Once the line with "linv x # b)" is found in the entries below, repeat that line and every one after it exactly, ending at the last.

*** Opening Exercise material ***

(* For all $\lambda\in\mathbf{k}$ and $v\in\mathcal{V}^{\mathrm{B}}$, one has in $\mathcal{V}^{\mathrm{B}}\otimes\mathcal{V}^{\mathrm{B}}$: \[\Delta^{\mathcal{W},\mathrm{B}}\big(\lambda+v(X_1-1)\big)=\lambda\,(1\otimes1)+\mathsf{r}\underline{\mathrm{row}}\cdot\mathsf{r}\underline{\rho}(v)\cdot\mathsf{r}\underline{\mathrm{col}},\] i.e. $\Delta^{\mathcal{W},\mathrm{B}}$ followed by the inclusion $\mathcal{W}^{\mathrm{B}}\otimes\mathcal{W}^{\mathrm{B}}\hookrightarrow\mathcal{V}^{\mathrm{B}}\otimes\mathcal{V}^{\mathrm{B}}$ equals $\Delta_{\mathcal{O}^{\mathrm{B}}_{\mathsf{mat}}}$ composed with the isomorphism $\mathcal{W}^{\mathrm{B}}\cong\mathbf{k}\oplus(\mathcal{V}^{\mathrm{B}},\cdot_{X_1-1})$.
   Context: $\mathbf{k}$ is a commutative $\mathbb{Q}$-algebra; $F_2$ free on $X_0,X_1$, $\mathcal{V}^{\mathrm{B}}=\mathbf{k}F_2$; in $\mathcal{V}^{\mathrm{B}}\otimes\mathcal{V}^{\mathrm{B}}$, $X_i=X_i\otimes1$, $Y_i=1\otimes X_i$. $\mathrm{op}_G$ is the antiautomorphism $g\mapsto g^{-1}$ of $\mathbf{k}G$. $\underline{\rho}:\mathcal{V}^{\mathrm{B}}\to M_3(\mathcal{V}^{\mathrm{B}}\otimes\mathcal{V}^{\mathrm{B}})$ is the algebra morphism with $\underline{\rho}(X_0)=\begin{pmatrix}X_0&0&0\\0&(1-X_1)X_0+Y_1^{-1}Y_0Y_1&(1-X_1)X_0X_1\\0&X_0-Y_1^{-1}Y_0Y_1X_1^{-1}&X_0X_1\end{pmatrix}$, $\underline{\rho}(X_1)=\begin{pmatrix}(X_1-1)Y_1+1&Y_1(1-Y_1)&0\\1-X_1&Y_1&0\\0&0&1\end{pmatrix}$; with $D=\mathrm{diag}(Y_1,X_1,(X_0X_1)^{-1}Y_1^{-1}Y_0Y_1)$, $\mathsf{r}\underline{\rho}(v):=D^{-1}M_3(\mathrm{op}_{F_2^2})({}^t\underline{\rho}(\mathrm{op}_{F_2}(v)))D$ (entrywise $\mathrm{op}$, transpose). $\mathsf{r}\underline{\mathrm{row}}=(Y_1,\,-X_1Y_1,\,0)\in M_{1,3}$, $\mathsf{r}\underline{\mathrm{col}}=Y_1^{-1}\,{}^t(X_1-1,\,1-Y_1,\,0)\in M_{3,1}$. For an algebra $B$ and $e\in B$, $\mathbf{k}\oplus(B,\cdot_e)$ is the algebra with product $(\lambda,b)(\lambda',b')=(\lambda\lambda',\lambda b'+\lambda'b+beb')$; $\Delta_{\mathcal{O}^{\mathrm{B}}_{\mathsf{mat}}}:\mathbf{k}\oplus(\mathcal{V}^{\mathrm{B}},\cdot_{X_1-1})\to\mathcal{V}^{\mathrm{B}}\otimes\mathcal{V}^{\mathrm{B}}$ is $(\lambda,v)\mapsto\lambda+\mathsf{r}\underline{\mathrm{row}}\,\mathsf{r}\underline{\rho}(v)\,\mathsf{r}\underline{\mathrm{col}}$. $\mathcal{W}^{\mathrm{B}}=\mathbf{k}\oplus\mathcal{V}^{\mathrm{B}}(X_1-1)$ is a subalgebra, isomorphic to $\mathbf{k}\oplus(\mathcal{V}^{\mathrm{B}},\cdot_{X_1-1})$ via $(\lambda,v)\mapsto\lambda+v(X_1-1)$; it is generated by $X_1^{-1}$ and $X_0^n(X_1-1)$, $n\in\mathbb{Z}$. $\Delta^{\mathcal{W},\mathrm{B}}:\mathcal{W}^{\mathrm{B}}\to\mathcal{W}^{\mathrm{B}}\otimes\mathcal{W}^{\mathrm{B}}$ is the (known to exist) algebra morphism with $\Delta^{\mathcal{W},\mathrm{B}}(X_1^{-1})=X_1^{-1}\otimes X_1^{-1}$ and $\Delta^{\mathcal{W},\mathrm{B}}(X_0^n(X_1-1))=X_0^n(X_1-1)\otimes1+1\otimes X_0^n(X_1-1)-\sum_{k=1}^{n-1}X_0^k(X_1-1)\otimes X_0^{n-k}(X_1-1)$ for $n\in\mathbb{Z}$, with the convention $\sum_{k=p}^qf(k)=f(p)+\dots+f(q)$ if $q>p-1$, $0$ if $q=p-1$, $-f(p-1)-\dots-f(q+1)$ if $q<p-1$. *)

theory Defs
  imports "HOL-Analysis.Analysis" "HOL-Library.Poly_Mapping" "HOL-Library.Product_Plus"
begin

text \<open>A letter (i, s): generator X_i (i = False means X0, i = True means X1),
  s = True means the inverse letter.\<close>
type_synonym letter = "bool \<times> bool"

definition linv :: "letter \<Rightarrow> letter" where
  "linv x = (fst x, \<not> snd x)"

inductive cancel1 :: "letter list \<Rightarrow> letter list \<Rightarrow> bool" where
  "cancel1 (a @ x # linv x # b) (a @ b)"

quotient_type F2 = "letter list" / "equivclp cancel1"
  by (rule equivp_evquivclp)

lemma equivclp_map_mono:
  assumes "\<And>x y. r x y \<Longrightarrow> r (f x) (f y)" and "equivclp r a b"
  shows "equivclp r (f a) (f b)"
  using assms(2)
proof (induction rule: equivclp_induct)
  case base then show ?case by simp
next
  case (step y z)
  from step.hyps(2) have "r (f y) (f z) \<or> r (f z) (f y)" using assms(1) by blast
  with step.IH show ?case by (rule equivclp_into_equivclp)
qed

*** Closing Exercise material ***

Answer section –
  "cancel1 (a @ x # linv x # b) (a @ b)"

quotient_type F2 = "letter list" / "equivclp cancel1"
  by (rule equivp_evquivclp)

lemma equivclp_map_mono:
  assumes "\<And>x y. r x y \<Longrightarrow> r (f x) (f y)" and "equivclp r a b"
  shows "equivclp r (f a) (f b)"
  using assms(2)
proof (induction rule: equivclp_induct)
  case base then show ?case by simp
next
  case (step y z)
  from step.hyps(2) have "r (f y) (f z) \<or> r (f z) (f y)" using assms(1) by blast
  with step.IH show ?case by (rule equivclp_into_equivclp)
qed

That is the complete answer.